There were 838 claimants that for the purposes of a preliminary trial were split into 3 categories. Lead claimants were chosen and there were 16 issues identified to be addressed. By the time the trial was due to start only 1 issue remained to be decided. It was decided the claims under categories 2 and 3 had failed. There were a remaining 76 claims to be decided upon in category 1. The claims settled for a modest sum. The claimants’ were found to be the successful party as ‘they will receive a cheque from the defendant’. The claimants were awarded 33% of their costs.

The decision was appealed on several basis including the argument that given c.94% of the claims had failed the award off 33% was wrong.
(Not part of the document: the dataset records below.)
lemma LRL_functor: "functor B A (Lo \<circ> (Ro \<circ> Lo)) (Lm \<circ> (Rm \<circ> Lm))"
  by (rule functor_compose[OF RL_functor L_functor])

text \<open>The multiplication \<open>R\<epsilon>L : RLRL \<Rightarrow> RL\<close> is natural, by naturality of \<open>\<epsilon>\<close> at \<open>L f\<close>.\<close>
lemma multiplication_nat:
  "nat_trans B B ((Ro \<circ> Lo) \<circ> (Ro \<circ> Lo)) ((Rm \<circ> Lm) \<circ> (Rm \<circ> Lm)) (Ro \<circ> Lo) (Rm \<circ> Lm)
     (\<lambda>b. Rm (\<epsilon> (Lo b)))"
proof (rule nat_transI[OF functor_compose[OF RL_functor RL_functor] RL_functor])
  show "Rm (\<epsilon> (Lo b)) \<in> Hom B (((Ro \<circ> Lo) \<circ> (Ro \<circ> Lo)) b) ((Ro \<circ> Lo) b)" if "b \<in> Ob B" for b
    using functor_hom[OF R_functor counit_L_hom[OF that]] by simp
next
  fix x y f assume f: "f \<in> Hom B x y"
  have Lf: "Lm f \<in> Hom A (Lo x) (Lo y)" using functor_hom[OF L_functor f] .
  have "Rm (cmp A (Lm f) (\<epsilon> (Lo x))) = Rm (cmp A (\<epsilon> (Lo y)) (Lm (Rm (Lm f))))"
    using counit_natural[OF Lf] by simp
  then show "cmp B ((Rm \<circ> Lm) f) (Rm (\<epsilon> (Lo x)))
           = cmp B (Rm (\<epsilon> (Lo y))) (((Rm \<circ> Lm) \<circ> (Rm \<circ> Lm)) f)"
    using functor_cmp[OF R_functor counit_hom[OF functor_ob[OF L_functor]] Lf]
      functor_cmp[OF R_functor functor_hom[OF L_functor functor_hom[OF R_functor Lf]]
        counit_L_hom] category_hom_obs[OF cat_B f]
    by simp
qed
lemma polyfun_form_discr_partials: "polyfun_form discr_u 5" "polyfun_form discr_v 5"
proof -
  note forms = polyfun_form_coefficient_forms
  have "polyfun_form (\<lambda>a u v. 2 * (e3 a u v * e3_u a u v) - 4 * (c2_u a u v * d4 a u v)
      - 4 * (c2 a u v * d4_u a u v)) 5"
    using polyfun_form_mult[OF forms(2,6)] polyfun_form_mult[OF forms(4,3)] polyfun_form_mult[OF forms(1,8)]
    by (intro polyfun_form_diff polyfun_form_scale) simp_all
  then show "polyfun_form discr_u 5" by (rule polyfun_form_cong) (simp add: discr_u_def)
  have "polyfun_form (\<lambda>a u v. 2 * (e3 a u v * e3_v a u v) - 4 * (c2_v a u v * d4 a u v)
      - 4 * (c2 a u v * d4_v a u v)) 5"
    using polyfun_form_mult[OF forms(2,7)] polyfun_form_mult[OF forms(5,3)] polyfun_form_mult[OF forms(1,9)]
    by (intro polyfun_form_diff polyfun_form_scale) simp_all
  then show "polyfun_form discr_v 5" by (rule polyfun_form_cong) (simp add: discr_v_def)
qed

lemma polyfun_form_on_conic:
  assumes "polyfun_form X n" "polyfun_form Y m" "polyfun_form Z k" "m = n + 1" "k = n + 2"
  shows "polyfun_form (\<lambda>a s t. X a (s\<^sup>2) (t\<^sup>2) * (s * t)\<^sup>2 + Y a (s\<^sup>2) (t\<^sup>2) * (s * t) + Z a (s\<^sup>2) (t\<^sup>2))
           (2 * n + 4)"
proof -
  have st: "polyfun_form (\<lambda>a s t. s * t) 2" and st2: "polyfun_form (\<lambda>a s t. (s * t)\<^sup>2) 4"
    using polyfun_form_monomial[of "\<lambda>a. 1" 1 2] polyfun_form_monomial[of "\<lambda>a. 1" 2 4]
    by (simp_all add: polyfun.pf_const power_mult_distrib)
  have deg: "2 * m + 2 = 2 * n + 4" "2 * k = 2 * n + 4"
    using assms(4,5) by simp_all
  have "polyfun_form (\<lambda>a s t. X a (s\<^sup>2) (t\<^sup>2) * (s * t)\<^sup>2) (2 * n + 4)"
    using polyfun_form_mult[OF polyfun_form_squares[OF assms(1)] st2] .
  moreover have "polyfun_form (\<lambda>a s t. Y a (s\<^sup>2) (t\<^sup>2) * (s * t)) (2 * n + 4)"
    using polyfun_form_mult[OF polyfun_form_squares[OF assms(2)] st] unfolding deg(1) .
  moreover have "polyfun_form (\<lambda>a s t. Z a (s\<^sup>2) (t\<^sup>2)) (2 * n + 4)"
    using polyfun_form_squares[OF assms(3)] unfolding deg(2) .
  ultimately show ?thesis by (intro polyfun_form_add)
qed

lemma polyfun_form_conic: "polyfun_form conic_s 7" "polyfun_form conic_t 7"
proof -
  note forms = polyfun_form_coefficient_forms
  have s: "polyfun_form (\<lambda>a s t. s) 1" and t: "polyfun_form (\<lambda>a s t. t) 1"
    using polyfun_form_monomial[of "\<lambda>a. 1" 1 1] polyfun_form_monomial[of "\<lambda>a. 1" 0 1]
    by (simp_all add: polyfun.pf_const)
  have zero: "polyfun_form (\<lambda>a u v. 0) 1"
    using polyfun_form_monomial[of "\<lambda>a. 0" 0 1] by (simp add: polyfun.pf_const)
  have w: "polyfun_form (\<lambda>a s t. 2 * c2 a (s\<^sup>2) (t\<^sup>2) * (s * t) + e3 a (s\<^sup>2) (t\<^sup>2)) 6"
    using polyfun_form_on_conic[OF zero polyfun_form_scale[OF forms(1), of 2] forms(2)] by simp
  have "polyfun_form (\<lambda>a s t. 2 * (s * (c2_u a (s\<^sup>2) (t\<^sup>2) * (s * t)\<^sup>2 + e3_u a (s\<^sup>2) (t\<^sup>2) * (s * t)
      + d4_u a (s\<^sup>2) (t\<^sup>2))) + t * (2 * c2 a (s\<^sup>2) (t\<^sup>2) * (s * t) + e3 a (s\<^sup>2) (t\<^sup>2))) 7"
    using polyfun_form_mult[OF s polyfun_form_on_conic[OF forms(4,6,8), simplified]] polyfun_form_mult[OF t w]
    by (intro polyfun_form_add polyfun_form_scale) simp_all
  then show "polyfun_form conic_s 7" by (rule polyfun_form_cong) (simp add: conic_s_def)
  have "polyfun_form (\<lambda>a s t. 2 * (t * (c2_v a (s\<^sup>2) (t\<^sup>2) * (s * t)\<^sup>2 + e3_v a (s\<^sup>2) (t\<^sup>2) * (s * t)
      + d4_v a (s\<^sup>2) (t\<^sup>2))) + s * (2 * c2 a (s\<^sup>2) (t\<^sup>2) * (s * t) + e3 a (s\<^sup>2) (t\<^sup>2))) 7"
    using polyfun_form_mult[OF t polyfun_form_on_conic[OF forms(5,7,9), simplified]] polyfun_form_mult[OF s w]
    by (intro polyfun_form_add polyfun_form_scale) simp_all
  then show "polyfun_form conic_t 7" by (rule polyfun_form_cong) (simp add: conic_t_def)
qed

text \<open>Here c2 = u^2 + v^2, e3 = 0 and d4 = -(u^4 - u^2 v^2 + v^4)/4, so the discriminant is u^6 + v^6.\<close>
definition "discr_witness = (\<lambda>i::nat. if i = 0 \<or> i = 2 then 1 else if i = 9 then 1/4
  else if i = 7 \<or> i = 11 then - 1/4 else (0::complex))"

definition "conic_witness = (\<lambda>i::nat. if i = 7 \<or> i = 11 then 1 else (0::complex))"

lemma discr_partials_witness: "discr_u discr_witness u v = 6 * u ^ 5" "discr_v discr_witness u v = 6 * v ^ 5"
  by (simp add: discr_u_def discr_v_def c2_expand e3_expand d4_expand c2_u_def c2_v_def e3_u_def e3_v_def
      d4_u_def d4_v_def discr_witness_def, algebra)+

lemma conic_forms_witness: "conic_s conic_witness s t = 8 * s ^ 7" "conic_t conic_witness s t = 8 * t ^ 7"
  by (simp add: conic_s_def conic_t_def c2_expand e3_expand d4_expand c2_u_def c2_v_def e3_u_def e3_v_def
      d4_u_def d4_v_def conic_witness_def, algebra)+
(* Let $\mathcal{P}$ be a finite poset, let $\mathcal{A},\mathcal{B}$ be families of downsets of $\mathcal{P}$, and let $p\in\mathcal{P}$. Define $\mathcal{A}^p_1=\{A\setminus{\downarrow}p: A\in\mathcal{A}\}$, $\mathcal{B}^p_1=\{B\setminus{\downarrow}p: B\in\mathcal{B},\ p\in B\}$, $\mathcal{A}^p_2=\{A: A\in\mathcal{A},\ p\notin A\}$, $\mathcal{B}^p_2=\{B\setminus{\uparrow}p: B\in\mathcal{B}\}$. Then $\mathcal{A}$ and $\mathcal{B}$ are dual over $\mathcal{L}(\mathcal{P})$ if and only if $\mathcal{A}^p_1$ and $\mathcal{B}^p_1$ are dual over $\mathcal{L}(\mathcal{P}\setminus{\downarrow}p)$ and $\mathcal{A}^p_2$ and $\mathcal{B}^p_2$ are dual over $\mathcal{L}(\mathcal{P}\setminus{\uparrow}p)$.
   Context: For a finite poset $\mathcal{P}$, $\mathcal{L}(\mathcal{P})$ denotes the distributive lattice of all downsets (order ideals) of $\mathcal{P}$ ordered by inclusion; subsets $\mathcal{P}\setminus{\downarrow}p$ and $\mathcal{P}\setminus{\uparrow}p$ carry the induced order. ${\downarrow}p=\{q\in\mathcal{P}:q\le p\}$ and ${\uparrow}p=\{q\in\mathcal{P}:q\ge p\}$ (both contain $p$). Two families $\mathcal{A},\mathcal{B}$ of downsets of $\mathcal{P}$ are dual over $\mathcal{L}(\mathcal{P})$ if $A\not\subseteq B$ for all $A\in\mathcal{A},B\in\mathcal{B}$ (property ( * )), and for every downset $X$ of $\mathcal{P}$ either $X\subseteq B$ for some $B\in\mathcal{B}$ or $A\subseteq X$ for some $A\in\mathcal{A}$. *)

theory Defs
  imports Main
begin

text \<open>A finite poset is modelled as a finite carrier set Q of a type with a partial
  order; subsets carry the induced order.\<close>

definition is_downset :: "'a::order set \<Rightarrow> 'a set \<Rightarrow> bool" where
  "is_downset Q D \<longleftrightarrow> D \<subseteq> Q \<and> (\<forall>x\<in>D. \<forall>y\<in>Q. y \<le> x \<longrightarrow> y \<in> D)"

definition down :: "'a::order set \<Rightarrow> 'a \<Rightarrow> 'a set" where
  "down Q p = {q\<in>Q. q \<le> p}"

definition up :: "'a::order set \<Rightarrow> 'a \<Rightarrow> 'a set" where
  "up Q p = {q\<in>Q. p \<le> q}"

definition dual_over :: "'a::order set \<Rightarrow> 'a set set \<Rightarrow> 'a set set \<Rightarrow> bool" where
  "dual_over Q \<A> \<B> \<longleftrightarrow>
     (\<forall>A\<in>\<A>. \<forall>B\<in>\<B>. \<not> A \<subseteq> B) \<and>
     (\<forall>X. is_downset Q X \<longrightarrow> (\<exists>B\<in>\<B>. X \<subseteq> B) \<or> (\<exists>A\<in>\<A>. A \<subseteq> X))"

end

theory Submission
  imports Defs
begin

text \<open>A downset X of P either contains p, and is then recovered from its trace X - \<down>p on
  P - \<down>p by adding \<down>p back, or avoids p, and is then a downset of P - \<up>p. Both halves of
  duality, that no member of \<A> lies in a member of \<B> and that every downset lies above a
  member of \<A> or below a member of \<B>, split along this case distinction, the two cases being
  exactly the two smaller duality problems.\<close>

definition no_inclusion :: "'a set set \<Rightarrow> 'a set set \<Rightarrow> bool" where
  "no_inclusion \<A> \<B> \<longleftrightarrow> (\<forall>A\<in>\<A>. \<forall>B\<in>\<B>. \<not> A \<subseteq> B)"

definition downset_cover :: "'a::order set \<Rightarrow> 'a set set \<Rightarrow> 'a set set \<Rightarrow> bool" where
  "downset_cover Q \<A> \<B> \<longleftrightarrow>
     (\<forall>X. is_downset Q X \<longrightarrow> (\<exists>B\<in>\<B>. X \<subseteq> B) \<or> (\<exists>A\<in>\<A>. A \<subseteq> X))"

lemma dual_over_iff: "dual_over Q \<A> \<B> \<longleftrightarrow> no_inclusion \<A> \<B> \<and> downset_cover Q \<A> \<B>"
  unfolding dual_over_def no_inclusion_def downset_cover_def ..

lemma down_subset_downset: "is_downset Q D \<Longrightarrow> p \<in> D \<Longrightarrow> down Q p \<subseteq> D"
  unfolding is_downset_def down_def by blast

lemma downset_disjoint_up:
  "is_downset Q D \<Longrightarrow> p \<notin> D \<Longrightarrow> p \<in> Q \<Longrightarrow> D \<inter> up Q p = {}"
  unfolding is_downset_def up_def by blast

lemma is_downset_Diff_down:
  "is_downset Q X \<Longrightarrow> is_downset (Q - down Q p) (X - down Q p)"
  unfolding is_downset_def down_def by auto

lemma is_downset_Diff_down_iff:
  "is_downset (Q - down Q p) Y \<longleftrightarrow> is_downset Q (Y \<union> down Q p) \<and> Y \<inter> down Q p = {}"
  unfolding is_downset_def down_def by (auto dest: order_trans)

lemma is_downset_Diff_up_iff:
  "p \<in> Q \<Longrightarrow> is_downset (Q - up Q p) X \<longleftrightarrow> is_downset Q X \<and> p \<notin> X"
  unfolding is_downset_def up_def by (auto dest: order_trans)

lemma subset_downset_iff:
  assumes "is_downset Q B" and "p \<in> Q"
  shows "A \<subseteq> B \<longleftrightarrow> p \<in> B \<and> A - down Q p \<subseteq> B - down Q p \<or> p \<notin> A \<and> A \<subseteq> B - up Q p"
  using down_subset_downset[OF assms(1)] downset_disjoint_up[OF assms(1) _ assms(2)] by blast

lemma no_inclusion_split:
  assumes "\<forall>B\<in>\<B>. is_downset Q B" and "p \<in> Q"
  shows "no_inclusion \<A> \<B> \<longleftrightarrow>
           no_inclusion ((\<lambda>A. A - down Q p) ` \<A>) ((\<lambda>B. B - down Q p) ` {B\<in>\<B>. p \<in> B}) \<and>
           no_inclusion {A\<in>\<A>. p \<notin> A} ((\<lambda>B. B - up Q p) ` \<B>)"
  using assms by (auto simp: no_inclusion_def subset_downset_iff[of Q _ p] simp del: Diff_subset_conv)

lemma all_downsets_Diff_down:
  assumes "p \<in> Q"
  shows "(\<forall>Y. is_downset (Q - down Q p) Y \<longrightarrow> R Y) \<longleftrightarrow>
         (\<forall>X. is_downset Q X \<longrightarrow> p \<in> X \<longrightarrow> R (X - down Q p))"
proof (intro iffI allI impI)
  fix X assume "\<forall>Y. is_downset (Q - down Q p) Y \<longrightarrow> R Y" and "is_downset Q X"
  then show "R (X - down Q p)" by (simp add: is_downset_Diff_down)
next
  fix Y assume all: "\<forall>X. is_downset Q X \<longrightarrow> p \<in> X \<longrightarrow> R (X - down Q p)"
    and "is_downset (Q - down Q p) Y"
  then have "is_downset Q (Y \<union> down Q p)" and "Y = (Y \<union> down Q p) - down Q p"
    unfolding is_downset_Diff_down_iff by auto
  moreover have "p \<in> Y \<union> down Q p" using assms unfolding down_def by simp
  ultimately show "R Y" using all by metis
qed

lemma downset_cover_Diff_down_iff:
  assumes "\<forall>B\<in>\<B>. is_downset Q B" and "p \<in> Q"
  shows "downset_cover (Q - down Q p) ((\<lambda>A. A - down Q p) ` \<A>)
           ((\<lambda>B. B - down Q p) ` {B\<in>\<B>. p \<in> B}) \<longleftrightarrow>
         (\<forall>X. is_downset Q X \<longrightarrow> p \<in> X \<longrightarrow> (\<exists>B\<in>\<B>. X \<subseteq> B) \<or> (\<exists>A\<in>\<A>. A \<subseteq> X))"
proof -
  have "p \<in> B \<and> X - down Q p \<subseteq> B - down Q p \<longleftrightarrow> X \<subseteq> B"
    if "is_downset Q X" "p \<in> X" "B \<in> \<B>" for X B
    using down_subset_downset[OF that(1,2)] down_subset_downset[of Q B p] assms(1) that(2,3)
    by blast
  moreover have "(\<exists>A\<in>\<A>. A - down Q p \<subseteq> X - down Q p) \<longleftrightarrow> (\<exists>A\<in>\<A>. A \<subseteq> X)"
    if "is_downset Q X" "p \<in> X" for X
    using down_subset_downset[OF that] by blast
  ultimately show ?thesis
    unfolding downset_cover_def all_downsets_Diff_down[OF assms(2)]
    by (simp add: Bex_def cong: conj_cong)
qed

lemma downset_cover_Diff_up_iff:
  assumes "p \<in> Q"
  shows "downset_cover (Q - up Q p) {A\<in>\<A>. p \<notin> A} ((\<lambda>B. B - up Q p) ` \<B>) \<longleftrightarrow>
         (\<forall>X. is_downset Q X \<longrightarrow> p \<notin> X \<longrightarrow> (\<exists>B\<in>\<B>. X \<subseteq> B) \<or> (\<exists>A\<in>\<A>. A \<subseteq> X))"
proof -
  have "X \<subseteq> B - up Q p \<longleftrightarrow> X \<subseteq> B" if "is_downset Q X" "p \<notin> X" for X B
    using downset_disjoint_up[OF that assms] by blast
  moreover have "(\<exists>A\<in>{A\<in>\<A>. p \<notin> A}. A \<subseteq> X) \<longleftrightarrow> (\<exists>A\<in>\<A>. A \<subseteq> X)" if "p \<notin> X" for X
    using that by blast
  ultimately show ?thesis
    unfolding downset_cover_def is_downset_Diff_up_iff[OF assms]
    by (simp add: Bex_def imp_conjL cong: conj_cong)
qed

lemma downset_cover_split:
  assumes "\<forall>B\<in>\<B>. is_downset Q B" and "p \<in> Q"
  shows "downset_cover Q \<A> \<B> \<longleftrightarrow>
           downset_cover (Q - down Q p) ((\<lambda>A. A - down Q p) ` \<A>)
             ((\<lambda>B. B - down Q p) ` {B\<in>\<B>. p \<in> B}) \<and>
           downset_cover (Q - up Q p) {A\<in>\<A>. p \<notin> A} ((\<lambda>B. B - up Q p) ` \<B>)"
  unfolding downset_cover_Diff_down_iff[OF assms] downset_cover_Diff_up_iff[OF assms(2)]
  unfolding downset_cover_def by blast

theorem lemma3:
  fixes P :: "'a::order set" and \<A> \<B> :: "'a set set" and p :: 'a
  assumes "finite P"
    and "\<forall>A\<in>\<A>. is_downset P A"
    and "\<forall>B\<in>\<B>. is_downset P B"
    and "p \<in> P"
  shows "dual_over P \<A> \<B> \<longleftrightarrow>
           dual_over (P - down P p) ((\<lambda>A. A - down P p) ` \<A>)
                     ((\<lambda>B. B - down P p) ` {B\<in>\<B>. p \<in> B}) \<and>
           dual_over (P - up P p) {A\<in>\<A>. p \<notin> A} ((\<lambda>B. B - up P p) ` \<B>)"
  unfolding dual_over_iff no_inclusion_split[OF assms(3,4)] downset_cover_split[OF assms(3,4)]
  by blast

end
It was considered that the litigation should be looked at as a whole, it was clear that there was success on both sides and therefore the decision was overturned and no order for costs was made.

‘where the concept of overall "success" may be a necessarily ambivalent concept (as in a complex group claim trial, in which opposing parties each have considerable success), a search for an overall "winner" may be a largely fruitless exercise. In any event, it is clear from CPR Rule 44.2 that, in assessing costs as between parties, the court must first determine whether to make a costs order at all’.


Practical Considerations

Payments on account

It is standard practice in group litigation that there is a preliminary hearing on the group issues before the individual claims are concluded. There is a presumption that a payment on account of costs should be made following this. See Claimants appearing on the Register of the Corby Group Litigation v Corby Borough Council [2009] All ER (D) 107.

Enhanced Hourly Rates

It is normal that group litigation attracts an enhanced hourly rate by reference to the factors as per CPR 44.4(3). It is important to ensure your retainer allows for this.

Conditional Fee Agreements

If the claim is truly on a no win no fee agreement and the individual claimant loses their claim or discontinues you will may not be able to recover their severable share of the common costs as it would offend then indemnity principle. It is important to ensure the CFA is worded in such a way to account for this.

Routine Communication

When sending routine communications, you will not be able to recover a unit per letter/email. In the age of technology mail shots can be organised and an update letter can be sent to 1000’s of claimants instantaneously.

Administrative Tasks

There are likely to be a lot of IT and administrative tasks that are required in group litigation, to include the IT costs and administrative costs of setting up a portal, organising mail shots, setting up websites, marketing the claim and sorting out funding. These costs are not recoverable from the other side, however this additional work is reflected in the enhanced hourly rates. It is important to establish good working practices to minimise the strain of these tasks.

Security for Costs

The claimants’ liability for adverse costs is often severable and therefore, if unsuccessful, the defendant will need to recover fees against all claimants separately. Given there may be a risk that not all claimants will be able to make payment, an application for security for costs should be considered. A security for costs application may succeed even where the claimants have the benefit of an ATE policy see Rowe and others v Ingenious Media Holdings plc and others—Barness and others v Ingenious Media Ltd and others—Ahearne and others v McKenna and others [2020] EWHC 235 (Ch).